EXERCISE:
Copy out each line of the material that includes the word "lemma".

DATA SUPPLIED:
◆ ◆ ◆ ◆
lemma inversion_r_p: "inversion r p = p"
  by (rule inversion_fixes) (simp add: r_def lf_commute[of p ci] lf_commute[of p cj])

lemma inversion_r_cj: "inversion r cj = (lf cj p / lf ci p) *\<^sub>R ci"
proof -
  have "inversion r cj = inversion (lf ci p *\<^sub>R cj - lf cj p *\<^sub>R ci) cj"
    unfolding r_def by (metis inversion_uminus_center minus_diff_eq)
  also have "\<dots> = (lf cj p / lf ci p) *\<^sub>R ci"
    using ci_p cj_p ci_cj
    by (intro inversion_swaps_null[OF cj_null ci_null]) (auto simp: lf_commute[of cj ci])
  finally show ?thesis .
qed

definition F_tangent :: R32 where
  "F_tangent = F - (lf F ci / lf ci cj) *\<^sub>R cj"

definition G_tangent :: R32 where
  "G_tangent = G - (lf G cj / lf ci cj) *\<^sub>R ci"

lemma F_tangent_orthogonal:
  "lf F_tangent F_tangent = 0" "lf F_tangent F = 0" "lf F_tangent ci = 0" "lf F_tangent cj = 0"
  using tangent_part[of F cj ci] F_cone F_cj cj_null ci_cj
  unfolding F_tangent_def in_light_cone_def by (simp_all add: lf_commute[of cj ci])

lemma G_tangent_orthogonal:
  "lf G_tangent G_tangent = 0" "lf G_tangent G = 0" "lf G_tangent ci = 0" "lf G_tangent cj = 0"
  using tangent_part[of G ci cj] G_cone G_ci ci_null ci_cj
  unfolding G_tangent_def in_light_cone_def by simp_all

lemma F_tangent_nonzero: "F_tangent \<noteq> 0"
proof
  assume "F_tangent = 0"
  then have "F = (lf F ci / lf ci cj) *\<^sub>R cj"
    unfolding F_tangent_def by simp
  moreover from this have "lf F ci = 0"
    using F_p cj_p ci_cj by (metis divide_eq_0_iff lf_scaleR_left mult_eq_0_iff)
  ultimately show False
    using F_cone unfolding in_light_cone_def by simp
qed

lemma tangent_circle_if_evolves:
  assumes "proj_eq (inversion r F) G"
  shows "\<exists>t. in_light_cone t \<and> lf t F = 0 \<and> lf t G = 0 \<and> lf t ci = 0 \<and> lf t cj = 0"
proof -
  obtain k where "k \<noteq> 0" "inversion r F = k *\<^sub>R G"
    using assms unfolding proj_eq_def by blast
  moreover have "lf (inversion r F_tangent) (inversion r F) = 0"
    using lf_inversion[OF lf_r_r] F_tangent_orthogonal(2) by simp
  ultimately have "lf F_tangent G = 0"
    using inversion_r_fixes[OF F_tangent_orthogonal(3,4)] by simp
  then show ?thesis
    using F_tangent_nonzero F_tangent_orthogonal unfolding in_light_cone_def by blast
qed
◆ ◆ ◆ ◆
SOLUTION TO THE EXERCISE:
lemma inversion_r_p: "inversion r p = p"
lemma inversion_r_cj: "inversion r cj = (lf cj p / lf ci p) *\<^sub>R ci"
lemma F_tangent_orthogonal:
lemma G_tangent_orthogonal:
lemma F_tangent_nonzero: "F_tangent \<noteq> 0"
lemma tangent_circle_if_evolves:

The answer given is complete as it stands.